She pricked thee: hijras fucking men in rural India
DOI:
https://doi.org/10.11606/issn.1981-3341.pontourbe.2024.229240Keywords:
Hijras, Índia, Myth, Sexuality, TransgenderAbstract
This paper studies the desire of men to be penetrated by hijras who are usually either referenced as India’s ‘third gender’ or translated as trans women. By studying this specific desire I not only show how sexuality always exceeded prescribed rules, cultural or otherwise but also how meanings come to get attached to bodies, acts, desires, and sexuality. In other words, the citational relationship between bodies, sexuality, and gender can not only be performed but can also be transfigured depending on desires and relationships. Hijras have been studied intensively in public health for the last twenty years as a population at high risk for HIV. Concurrently, an impressive body of scholarship emerging from anthropology has shown how insufficient the hetero/homo binary is to understand how sexuality is lived in South Asia.

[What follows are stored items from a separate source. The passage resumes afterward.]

(* Let $w\in\mathcal{W}^o_n$ and let $(O,E)\to(O',E')$ be one application of the step $(\psi)$ during the computation of $\Psi(w)$. Then $(O,E)$ is obtained from $(O',E')$ by applying one step $(\omega)$.
   Context: Fix a finite totally ordered alphabet $A$. Words are finite sequences over $A$; $-$ is the empty word. $<$ is lexicographic order (a proper prefix is smaller than the word); $\infty$ is a formal symbol with $w<\infty$ for all words $w$. A Lyndon word is a nonempty word strictly smaller than each of its proper nonempty suffixes. Every word has a unique Lyndon factorization $w=\ell_1\cdots\ell_m$ into Lyndon words with $\ell_1\ge\dots\ge\ell_m$, written $\ell_1|\cdots|\ell_m$. Odd/even refer to lengths. For a Lyndon word $\ell$ with $|\ell|\ge2$, its standard factorization is $\ell=rs$ with $s$ the longest proper suffix of $\ell$ that is Lyndon (equivalently the smallest proper nonempty suffix). $\mathcal{W}^o_n$: words of length $n$ whose Lyndon factors are all odd and pairwise distinct. Step $(\psi)$ on a pair of words $(O,E)$ with $|O|\ge2$ (as used in computing $\Psi(w)$, which starts from $(w,-)$ and iterates $(\psi)$ while $|O|\ge2$): let $O=o_1|\cdots|o_m$ (with $o_{m-1}=\infty$ if $m=1$); $o_m$ is splittable if $|o_m|\ge2$ and its standard factorization $o_m=rs$ satisfies $s<o_{m-1}$. Update to: (S) $(o_1\cdots o_{m-1}r,\ sE)$ if splittable and $r$ odd; (P) $(o_1\cdots o_{m-1}s,\ rE)$ if splittable and $r$ even; (F) $(o_1\cdots o_{m-2},\ o_mo_{m-1}E)$ if not splittable. Iterated standard factorization (ISF) of a Lyndon word $\ell$, $|\ell|\ge2$, with respect to $u$ (a word or $\infty$): the unique factorization $\ell=r_js_js_{j-1}\cdots s_1$, $j\ge1$, such that (a) for every $i\in[j]$, $s_i$ is the smallest proper nonempty suffix of $r_js_j\cdots s_i$; (b) for $i\in[j-1]$, $s_i$ is even and $s_i<u$; (c) $s_j$ is odd or $u\le s_j$. Step $(\omega)$ on a pair $(O',E')$ with $E'$ nonempty: let $O'=o'_1|\cdots|o'_h$ and $E'=e'_1|\cdots|e'_k$ be Lyndon factorizations (with $o'_h=\infty$ if $O'$ is empty). If $o'_h<e'_1$, update to (S') $(O'e'_1,\ e'_2\cdots e'_k)$. Otherwise let $e'_1=r_js_js_{j-1}\cdots s_1$ be the ISF of $e'_1$ with respect to $o'_h$ and update to (P') $(o'_1\cdots o'_{h-1}r_js_jo'_h,\ s_{j-1}\cdots s_1e'_2\cdots e'_k)$ if $o'_h\le s_j$, or to (F') $(O's_jr_j,\ s_{j-1}\cdots s_1e'_2\cdots e'_k)$ if $s_j<o'_h$. *)

theory Defs
  imports Main
begin

text \<open>Words over a finite totally ordered alphabet are lists of type 'a list with
'a :: {linorder, finite}.  The formal symbol infinity is modelled by None in
'a list option (Some v is the word v).\<close>

definition lex_less :: "'a::linorder list \<Rightarrow> 'a list \<Rightarrow> bool" where
  "lex_less u v \<longleftrightarrow>
     (\<exists>z. z \<noteq> [] \<and> v = u @ z) \<or>
     (\<exists>p a b x y. u = p @ a # x \<and> v = p @ b # y \<and> a < b)"

definition lex_le :: "'a::linorder list \<Rightarrow> 'a list \<Rightarrow> bool" where
  "lex_le u v \<longleftrightarrow> lex_less u v \<or> u = v"

fun less_inf :: "'a::linorder list \<Rightarrow> 'a list option \<Rightarrow> bool" where
  "less_inf u None = True"
| "less_inf u (Some v) = lex_less u v"

fun inf_less :: "'a::linorder list option \<Rightarrow> 'a list \<Rightarrow> bool" where
  "inf_less None v = False"
| "inf_less (Some u) v = lex_less u v"

fun inf_le :: "'a::linorder list option \<Rightarrow> 'a list \<Rightarrow> bool" where
  "inf_le None v = False"
| "inf_le (Some u) v = lex_le u v"

definition lyndon :: "'a::linorder list \<Rightarrow> bool" where
  "lyndon w \<longleftrightarrow> w \<noteq> [] \<and> (\<forall>k. 0 < k \<and> k < length w \<longrightarrow> lex_less w (drop k w))"

definition is_lyndon_fact :: "'a::linorder list \<Rightarrow> 'a list list \<Rightarrow> bool" where
  "is_lyndon_fact w fs \<longleftrightarrow> concat fs = w \<and> (\<forall>f\<in>set fs. lyndon f) \<and>
     (\<forall>i. Suc i < length fs \<longrightarrow> lex_le (fs ! Suc i) (fs ! i))"

definition lfact :: "'a::linorder list \<Rightarrow> 'a list list" where
  "lfact w = (THE fs. is_lyndon_fact w fs)"

definition std_split :: "'a::linorder list \<Rightarrow> 'a list \<times> 'a list" where
  "std_split l = (let k = (LEAST k. 0 < k \<and> k < length l \<and> lyndon (drop k l))
                  in (take k l, drop k l))"

definition Wo :: "nat \<Rightarrow> 'a::linorder list set" where
  "Wo n = {w. length w = n \<and> (\<forall>f\<in>set (lfact w). odd (length f)) \<and> distinct (lfact w)}"

definition psi :: "'a::linorder list \<times> 'a list \<Rightarrow> 'a list \<times> 'a list" where
  "psi OE = (let Ow = fst OE; Ew = snd OE; fs = lfact Ow; m = length fs; om = last fs;
                 prev = (if m = 1 then None else Some (fs ! (m - 2)));
                 r = fst (std_split om); s = snd (std_split om);
                 splittable = (2 \<le> length om \<and> less_inf s prev)
             in if splittable \<and> odd (length r) then (concat (butlast fs) @ r, s @ Ew)
                else if splittable then (concat (butlast fs) @ s, r @ Ew)
                else (concat (take (m - 2) fs), om @ fs ! (m - 2) @ Ew))"

inductive psi_run :: "'a::linorder list \<Rightarrow> 'a list \<times> 'a list \<Rightarrow> bool" for w where
  start: "psi_run w (w, [])"
| step: "psi_run w (Ow, Ew) \<Longrightarrow> 2 \<le> length Ow \<Longrightarrow> psi_run w (psi (Ow, Ew))"

definition min_suffix :: "'a::linorder list \<Rightarrow> 'a list \<Rightarrow> bool" where
  "min_suffix x s \<longleftrightarrow> (\<exists>k. 0 < k \<and> k < length x \<and> s = drop k x) \<and>
     (\<forall>k. 0 < k \<and> k < length x \<longrightarrow> lex_le s (drop k x))"

text \<open>Iterated standard factorization l = r_j s_j s_(j-1) ... s_1 w.r.t. u
  (u = None means infinity).  ss = [s_j, s_(j-1), ..., s_1], so ss ! t = s_(j-t)
  and r_j s_j ... s_(j-t) = r @ concat (take (Suc t) ss).\<close>

definition isf :: "'a::linorder list option \<Rightarrow> 'a list \<Rightarrow> 'a list \<Rightarrow> 'a list list \<Rightarrow> bool" where
  "isf u l r ss \<longleftrightarrow> lyndon l \<and> 2 \<le> length l \<and> ss \<noteq> [] \<and> l = r @ concat ss \<and>
     (\<forall>t < length ss. min_suffix (r @ concat (take (Suc t) ss)) (ss ! t)) \<and>
     (\<forall>t. 0 < t \<and> t < length ss \<longrightarrow> even (length (ss ! t)) \<and> less_inf (ss ! t) u) \<and>
     (odd (length (ss ! 0)) \<or> inf_le u (ss ! 0))"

Based on ethnographic research conducted regularly from 2008 to 2018 in the rural districts of Orissa, a state in Eastern India, amongst hijra sex workers, I study the sexual encounters between hijras and their clients. I do so in order to argue against an impoverished understanding of culturally determined sexuality. In other words, while hijras and men were more than aware of the meanings that being penetrated entailed, their desires went beyond following those rules.